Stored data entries
-------
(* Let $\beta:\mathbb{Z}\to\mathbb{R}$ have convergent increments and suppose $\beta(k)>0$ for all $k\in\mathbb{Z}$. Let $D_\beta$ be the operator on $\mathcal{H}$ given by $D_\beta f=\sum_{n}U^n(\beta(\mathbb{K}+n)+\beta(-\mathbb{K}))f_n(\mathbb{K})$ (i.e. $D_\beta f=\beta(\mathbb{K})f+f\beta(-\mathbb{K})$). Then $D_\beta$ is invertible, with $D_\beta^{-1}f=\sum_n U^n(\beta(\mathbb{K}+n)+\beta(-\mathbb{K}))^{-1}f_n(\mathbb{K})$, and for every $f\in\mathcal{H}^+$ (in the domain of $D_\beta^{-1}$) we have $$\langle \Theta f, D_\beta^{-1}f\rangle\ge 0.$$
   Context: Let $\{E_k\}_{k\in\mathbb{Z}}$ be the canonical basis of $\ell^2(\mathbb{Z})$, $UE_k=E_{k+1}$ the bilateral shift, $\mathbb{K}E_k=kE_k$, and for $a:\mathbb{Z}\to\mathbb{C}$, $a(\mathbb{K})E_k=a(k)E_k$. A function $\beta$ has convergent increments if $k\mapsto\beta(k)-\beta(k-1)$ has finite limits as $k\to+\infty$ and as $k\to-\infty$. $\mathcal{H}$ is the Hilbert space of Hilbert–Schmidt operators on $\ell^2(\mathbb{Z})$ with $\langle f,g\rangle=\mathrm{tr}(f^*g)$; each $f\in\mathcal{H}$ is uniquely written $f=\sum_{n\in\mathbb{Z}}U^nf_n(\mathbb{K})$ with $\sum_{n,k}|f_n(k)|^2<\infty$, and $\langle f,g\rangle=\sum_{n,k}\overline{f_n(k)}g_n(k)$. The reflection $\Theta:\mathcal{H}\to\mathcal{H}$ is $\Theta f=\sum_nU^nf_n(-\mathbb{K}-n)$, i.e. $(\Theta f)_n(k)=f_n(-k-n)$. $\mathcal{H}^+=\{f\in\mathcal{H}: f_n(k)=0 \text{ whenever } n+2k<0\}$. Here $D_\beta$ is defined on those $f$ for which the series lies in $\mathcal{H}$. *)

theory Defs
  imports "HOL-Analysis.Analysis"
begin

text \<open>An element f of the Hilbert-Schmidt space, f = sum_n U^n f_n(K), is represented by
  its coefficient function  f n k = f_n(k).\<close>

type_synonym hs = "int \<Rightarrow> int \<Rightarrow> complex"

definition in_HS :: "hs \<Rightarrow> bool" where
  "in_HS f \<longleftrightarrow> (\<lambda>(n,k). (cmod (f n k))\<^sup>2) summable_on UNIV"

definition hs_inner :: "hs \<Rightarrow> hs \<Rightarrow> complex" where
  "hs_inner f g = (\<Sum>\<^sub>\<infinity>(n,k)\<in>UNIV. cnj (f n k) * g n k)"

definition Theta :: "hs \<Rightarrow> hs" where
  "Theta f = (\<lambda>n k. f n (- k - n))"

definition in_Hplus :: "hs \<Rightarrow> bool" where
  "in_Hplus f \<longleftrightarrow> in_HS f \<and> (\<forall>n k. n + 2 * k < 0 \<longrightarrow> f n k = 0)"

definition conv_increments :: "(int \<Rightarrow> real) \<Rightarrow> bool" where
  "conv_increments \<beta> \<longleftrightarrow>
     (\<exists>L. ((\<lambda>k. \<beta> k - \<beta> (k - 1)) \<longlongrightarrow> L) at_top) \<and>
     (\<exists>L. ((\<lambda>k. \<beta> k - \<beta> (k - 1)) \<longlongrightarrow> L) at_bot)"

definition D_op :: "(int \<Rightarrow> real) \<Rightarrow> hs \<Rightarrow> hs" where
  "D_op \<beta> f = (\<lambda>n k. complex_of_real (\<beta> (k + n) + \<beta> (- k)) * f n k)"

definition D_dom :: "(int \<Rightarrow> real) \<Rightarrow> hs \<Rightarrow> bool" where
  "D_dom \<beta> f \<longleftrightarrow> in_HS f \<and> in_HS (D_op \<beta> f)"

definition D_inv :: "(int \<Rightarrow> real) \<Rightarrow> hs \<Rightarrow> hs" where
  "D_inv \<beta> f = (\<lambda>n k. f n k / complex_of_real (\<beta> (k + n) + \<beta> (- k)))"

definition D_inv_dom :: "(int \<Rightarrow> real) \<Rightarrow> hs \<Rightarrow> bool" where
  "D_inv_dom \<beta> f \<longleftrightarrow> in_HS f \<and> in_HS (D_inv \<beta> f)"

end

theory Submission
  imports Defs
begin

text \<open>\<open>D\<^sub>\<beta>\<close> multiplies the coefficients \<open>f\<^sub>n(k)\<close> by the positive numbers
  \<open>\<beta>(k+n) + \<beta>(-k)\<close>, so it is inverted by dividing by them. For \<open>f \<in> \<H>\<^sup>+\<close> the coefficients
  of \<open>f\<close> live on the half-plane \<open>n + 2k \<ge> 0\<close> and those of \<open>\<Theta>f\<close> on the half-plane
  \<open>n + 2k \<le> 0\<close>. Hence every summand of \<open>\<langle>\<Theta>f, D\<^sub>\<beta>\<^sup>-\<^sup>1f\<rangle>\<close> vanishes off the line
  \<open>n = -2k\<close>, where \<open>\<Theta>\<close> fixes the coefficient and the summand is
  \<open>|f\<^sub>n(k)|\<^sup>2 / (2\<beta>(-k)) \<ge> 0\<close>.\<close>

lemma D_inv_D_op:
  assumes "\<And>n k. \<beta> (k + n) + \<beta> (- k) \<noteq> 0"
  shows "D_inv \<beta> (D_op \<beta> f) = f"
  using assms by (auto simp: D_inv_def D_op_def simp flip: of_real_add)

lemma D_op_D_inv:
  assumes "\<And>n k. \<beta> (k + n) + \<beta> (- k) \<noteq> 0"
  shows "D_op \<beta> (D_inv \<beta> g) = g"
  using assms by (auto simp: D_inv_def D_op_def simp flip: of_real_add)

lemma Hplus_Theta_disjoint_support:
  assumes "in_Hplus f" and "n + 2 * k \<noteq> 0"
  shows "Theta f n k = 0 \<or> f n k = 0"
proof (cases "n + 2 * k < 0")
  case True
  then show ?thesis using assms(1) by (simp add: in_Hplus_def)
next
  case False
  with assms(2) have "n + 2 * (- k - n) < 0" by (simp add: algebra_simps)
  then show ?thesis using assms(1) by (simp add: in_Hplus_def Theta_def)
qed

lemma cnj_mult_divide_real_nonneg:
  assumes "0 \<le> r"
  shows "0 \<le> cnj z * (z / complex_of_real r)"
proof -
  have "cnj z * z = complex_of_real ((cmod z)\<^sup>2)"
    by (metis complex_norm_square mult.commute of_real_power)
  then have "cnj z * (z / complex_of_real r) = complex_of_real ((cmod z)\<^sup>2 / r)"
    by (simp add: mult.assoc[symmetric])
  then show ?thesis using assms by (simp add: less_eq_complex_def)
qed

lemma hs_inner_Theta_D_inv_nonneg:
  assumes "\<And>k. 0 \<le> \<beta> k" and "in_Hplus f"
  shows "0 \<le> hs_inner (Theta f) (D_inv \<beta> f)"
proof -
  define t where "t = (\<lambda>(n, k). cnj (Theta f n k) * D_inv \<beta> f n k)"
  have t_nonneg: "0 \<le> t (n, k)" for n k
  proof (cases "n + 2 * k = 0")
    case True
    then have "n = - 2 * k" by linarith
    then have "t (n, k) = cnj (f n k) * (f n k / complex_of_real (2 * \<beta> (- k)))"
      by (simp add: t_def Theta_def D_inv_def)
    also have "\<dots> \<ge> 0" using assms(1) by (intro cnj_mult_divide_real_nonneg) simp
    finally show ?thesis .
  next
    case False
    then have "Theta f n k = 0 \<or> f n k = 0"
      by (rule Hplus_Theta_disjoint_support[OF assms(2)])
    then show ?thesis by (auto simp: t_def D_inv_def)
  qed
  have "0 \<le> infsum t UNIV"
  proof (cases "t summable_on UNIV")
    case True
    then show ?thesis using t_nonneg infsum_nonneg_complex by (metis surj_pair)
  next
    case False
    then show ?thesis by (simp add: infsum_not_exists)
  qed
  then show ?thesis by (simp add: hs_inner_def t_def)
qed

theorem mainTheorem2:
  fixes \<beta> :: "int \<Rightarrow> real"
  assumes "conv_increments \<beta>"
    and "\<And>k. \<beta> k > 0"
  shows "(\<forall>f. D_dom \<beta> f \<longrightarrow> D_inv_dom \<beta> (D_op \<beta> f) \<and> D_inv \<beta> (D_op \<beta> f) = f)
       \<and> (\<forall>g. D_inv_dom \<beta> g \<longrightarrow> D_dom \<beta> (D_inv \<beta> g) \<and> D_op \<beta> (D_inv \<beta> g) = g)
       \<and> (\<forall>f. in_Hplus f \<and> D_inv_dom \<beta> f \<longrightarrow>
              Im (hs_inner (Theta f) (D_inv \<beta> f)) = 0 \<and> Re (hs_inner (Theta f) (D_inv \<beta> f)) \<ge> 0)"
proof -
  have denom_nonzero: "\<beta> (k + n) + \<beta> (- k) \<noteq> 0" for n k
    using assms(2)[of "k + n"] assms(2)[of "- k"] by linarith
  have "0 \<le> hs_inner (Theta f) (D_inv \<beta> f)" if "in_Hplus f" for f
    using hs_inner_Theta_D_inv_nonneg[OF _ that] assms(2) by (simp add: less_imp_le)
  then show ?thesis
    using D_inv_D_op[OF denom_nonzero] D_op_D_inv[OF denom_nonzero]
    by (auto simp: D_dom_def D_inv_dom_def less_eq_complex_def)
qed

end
-------
### What to produce
Give back, word for word, only the lines above from the line holding "theory Submission" to the line holding "r) = complex_of_real", both included.

### Solution to this task
theory Submission
  imports Defs
begin

text \<open>\<open>D\<^sub>\<beta>\<close> multiplies the coefficients \<open>f\<^sub>n(k)\<close> by the positive numbers
  \<open>\<beta>(k+n) + \<beta>(-k)\<close>, so it is inverted by dividing by them. For \<open>f \<in> \<H>\<^sup>+\<close> the coefficients
  of \<open>f\<close> live on the half-plane \<open>n + 2k \<ge> 0\<close> and those of \<open>\<Theta>f\<close> on the half-plane
  \<open>n + 2k \<le> 0\<close>. Hence every summand of \<open>\<langle>\<Theta>f, D\<^sub>\<beta>\<^sup>-\<^sup>1f\<rangle>\<close> vanishes off the line
  \<open>n = -2k\<close>, where \<open>\<Theta>\<close> fixes the coefficient and the summand is
  \<open>|f\<^sub>n(k)|\<^sup>2 / (2\<beta>(-k)) \<ge> 0\<close>.\<close>

lemma D_inv_D_op:
  assumes "\<And>n k. \<beta> (k + n) + \<beta> (- k) \<noteq> 0"
  shows "D_inv \<beta> (D_op \<beta> f) = f"
  using assms by (auto simp: D_inv_def D_op_def simp flip: of_real_add)

lemma D_op_D_inv:
  assumes "\<And>n k. \<beta> (k + n) + \<beta> (- k) \<noteq> 0"
  shows "D_op \<beta> (D_inv \<beta> g) = g"
  using assms by (auto simp: D_inv_def D_op_def simp flip: of_real_add)

lemma Hplus_Theta_disjoint_support:
  assumes "in_Hplus f" and "n + 2 * k \<noteq> 0"
  shows "Theta f n k = 0 \<or> f n k = 0"
proof (cases "n + 2 * k < 0")
  case True
  then show ?thesis using assms(1) by (simp add: in_Hplus_def)
next
  case False
  with assms(2) have "n + 2 * (- k - n) < 0" by (simp add: algebra_simps)
  then show ?thesis using assms(1) by (simp add: in_Hplus_def Theta_def)
qed

lemma cnj_mult_divide_real_nonneg:
  assumes "0 \<le> r"
  shows "0 \<le> cnj z * (z / complex_of_real r)"
proof -
  have "cnj z * z = complex_of_real ((cmod z)\<^sup>2)"
    by (metis complex_norm_square mult.commute of_real_power)
  then have "cnj z * (z / complex_of_real r) = complex_of_real ((cmod z)\<^sup>2 / r)"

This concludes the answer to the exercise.